» **Task goal**:
Once you reach the line holding "theory Defs", write out that line and every later one exactly, ending with the last line of the data; write nothing else.

[Start of Attachment]

(* Let $\mathbb K$ be a field with $2\in\mathbb K^\times$, $A$ a unital commutative associative $\mathbb K$-algebra with unit $\mathbf 1$, $\mathfrak k$ a $\mathbb K$-Lie algebra and $\mathfrak g=A\otimes\mathfrak k$. Then $\mathfrak g$ possesses coupled cocycles if and only if $d_A(A)\neq\{0\}$ and there is an invariant symmetric bilinear form $\kappa:\mathfrak k\times\mathfrak k\to\mathbb K$ such that $\Gamma(\kappa)$ is a non-zero coboundary in $Z^3(\mathfrak k)$. If this is not the case, then for every vector space $\mathfrak z$, every $\mathfrak z$-valued 2-cocycle $f=f_1\circ p_1+f_2\circ p_2+f_3\circ p_3$ on $\mathfrak g$ admits a decomposition $f_1=f_1^0+f_1^1$ (linear maps $\Lambda^2(A)\otimes S^2(\mathfrak k)\to\mathfrak z$) such that $f_1^0\circ p_1$, $f_1^1\circ p_1$, $f_2\circ p_2$, $f_3\circ p_3$ are each 2-cocycles and (a) $f_1^0\circ p_1$ vanishes on $\mathfrak g\times\mathfrak g'$; (b) $\tilde f_1^1$ takes values in the invariant symmetric bilinear maps $\mathfrak k\times\mathfrak k\to\mathfrak z$ and is a cyclic 1-cocycle; (c) $\tilde f_2(A)\subseteq Z^2(\mathfrak k,\mathfrak z)$; (d) $f_3\circ p_3$ vanishes on $\mathfrak g\times\mathfrak g'$.
   Context: $\mathfrak g$ has bracket $[a\otimes x,a'\otimes x']=aa'\otimes[x,x']$; $ax=a\otimes x$; $\mathfrak k'=[\mathfrak k,\mathfrak k]$, $\mathfrak g'=A\otimes\mathfrak k'$. $v\wedge w=\tfrac12(v\otimes w-w\otimes v)$, $v\vee w=\tfrac12(v\otimes w+w\otimes v)$. $I_A\subseteq S^2(A)$ is the kernel of multiplication $S^2(A)\to A$. Linear maps $p_1(ax\wedge by)=a\wedge b\otimes x\vee y$, $p_2(ax\wedge by)=ab\otimes x\wedge y$, $p_3(ax\wedge by)=(a\vee b-ab\vee\mathbf 1)\otimes x\wedge y$ give an isomorphism $\Lambda^2(\mathfrak g)\cong(\Lambda^2(A)\otimes S^2(\mathfrak k))\oplus(A\otimes\Lambda^2(\mathfrak k))\oplus(I_A\otimes\Lambda^2(\mathfrak k))$, so every linear $f:\Lambda^2(\mathfrak g)\to\mathfrak z$ is uniquely $f_1\circ p_1+f_2\circ p_2+f_3\circ p_3$. Alternating bilinear maps on $\mathfrak g$ are identified with linear maps on $\Lambda^2(\mathfrak g)$ via $f(u,v)=f(u\wedge v)$. A $\mathfrak z$-valued 2-cocycle is such an $f$ vanishing on $\mathrm{span}\{[u,v]\wedge w+[v,w]\wedge u+[w,u]\wedge v\}$. $\tilde f_1(a,b)(x,y)=f_1(a\wedge b\otimes x\vee y)$, $\tilde f_2(a)(x,y)=f_2(a\otimes x\wedge y)$, similarly $\tilde f_1^1$. A coupled cocycle is a $\mathfrak z$-valued 2-cocycle (for some vector space $\mathfrak z$) with $f_3=0$ for which $f_1\circ p_1$ is not a 2-cocycle; "$\mathfrak g$ possesses coupled cocycles" means one exists for some $\mathfrak z$. $(\Omega^1(A),d_A)$ is the universal differential module of $A$. Invariance: $\kappa([x,y],z)=\kappa(x,[y,z])$; $\Gamma(\kappa)(x,y,z)=\kappa([x,y],z)$. $Z^p(\mathfrak k,\mathfrak z)$, $B^p$ denote Chevalley–Eilenberg cocycles/coboundaries with trivial coefficients ($Z^3(\mathfrak k)$ for $\mathbb K$). A cyclic 1-cocycle is an alternating bilinear $\phi$ on $A$ with $\phi(a,bc)+\phi(b,ca)+\phi(c,ab)=0$. *)

theory Defs
  imports Main "HOL.Vector_Spaces"
begin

[End of Attachment]

» **Response to the exercise**:
theory Defs
  imports Main "HOL.Vector_Spaces"
begin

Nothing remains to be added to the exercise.